Is that the one I saw on eBay a few days ago?


----------



## Mike_E (Jun 4, 2009)

Sweet!!!  :thumbup::thumbup:


----------



## compur (Jun 4, 2009)

Lovely !


----------



## fred0000 (Jun 4, 2009)

she's a jem, I want one of these now!


----------



## Mitica100 (Jun 5, 2009)

epp_b said:


> Is that the one I saw on eBay a few days ago?

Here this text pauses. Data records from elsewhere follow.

lemma irreducible_pairs_L: "irreducible_pairs L = pairs"
proof
  show "irreducible_pairs L \<subseteq> pairs"
  proof
    fix e assume "e \<in> irreducible_pairs L"
    then obtain a x b where e: "e = (red_rank L a, red_rank L b)" "x \<in> carrier L" "\<not> reducible L x" "covers L a x" "covers L x b"
      unfolding irreducible_pairs_def by blast
    then have xA: "x \<in> irr_codes" using irreducible_iff_code by blast
    then have "a = 3 * lo x" "b = 3 * hi x" using code_lower_cover(2) code_upper_cover(2) e by auto
    moreover have "1 \<le> lo x" "lo x \<le> n" "1 \<le> hi x" "hi x \<le> n" using code_props[OF xA] by auto
    ultimately have "e = (lo x, hi x)" using e red_rank_mult3 by simp
    then show "e \<in> pairs" using code_pair xA by simp
  qed
  show "pairs \<subseteq> irreducible_pairs L"
  proof clarify
    fix i j assume ij: "(i,j) \<in> pairs"
    let ?x = "edge_code i j"
    have xA: "?x \<in> irr_codes" using ij by (auto simp: edge_codes_iff)
    have bd: "1 \<le> i" "i < j" "j \<le> n" using pairs_bounds[OF ij] by auto
    have "?x \<in> carrier L" "\<not> reducible L ?x" using xA code_irreducible code_in_carrier L_eq by auto
    moreover have "covers L (3*i) ?x" "covers L ?x (3*j)"
      using code_lower_cover(1)[OF xA] code_upper_cover(1)[OF xA] by auto
    moreover have "red_rank L (3*i) = i" "red_rank L (3*j) = j" using bd red_rank_mult3 by auto
    ultimately show "(i,j) \<in> irreducible_pairs L" unfolding irreducible_pairs_def by force
  qed
qed

lemma interval_fibre_diag:
  "{y \<in> interval_carrier n irr_codes. (lo y, hi y) = (i,i)} = (if 1 \<le> i \<and> i \<le> n then {3*i} else {})"
proof -
  have "y = 3*i \<and> 1 \<le> i \<and> i \<le> n" if "y \<in> interval_carrier n irr_codes" "lo y = i" "hi y = i" for y
  proof -
    have "y = 3*i" using eq_mult3_lo that by metis
    moreover have "y \<notin> irr_codes" using that code_props by fastforce
    ultimately show ?thesis using that non_code_is_mult3 by fastforce
  qed
  then show ?thesis using mult3_in_carrier by auto
qed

Nope! It's from a collector. It's in serious mint condition, almost unused, with original caps, leather case and lens shades.


----------



## dinodan (Jun 5, 2009)

OMIGOD!!!!


----------



## McQueen278 (Jun 5, 2009)

!!!  I hope your first born wasn't too upset about going to live with a new family.


----------



## Mitica100 (Jun 5, 2009)

McQueen278 said:


> !!!  I hope your first born wasn't too upset about going to live with a new family.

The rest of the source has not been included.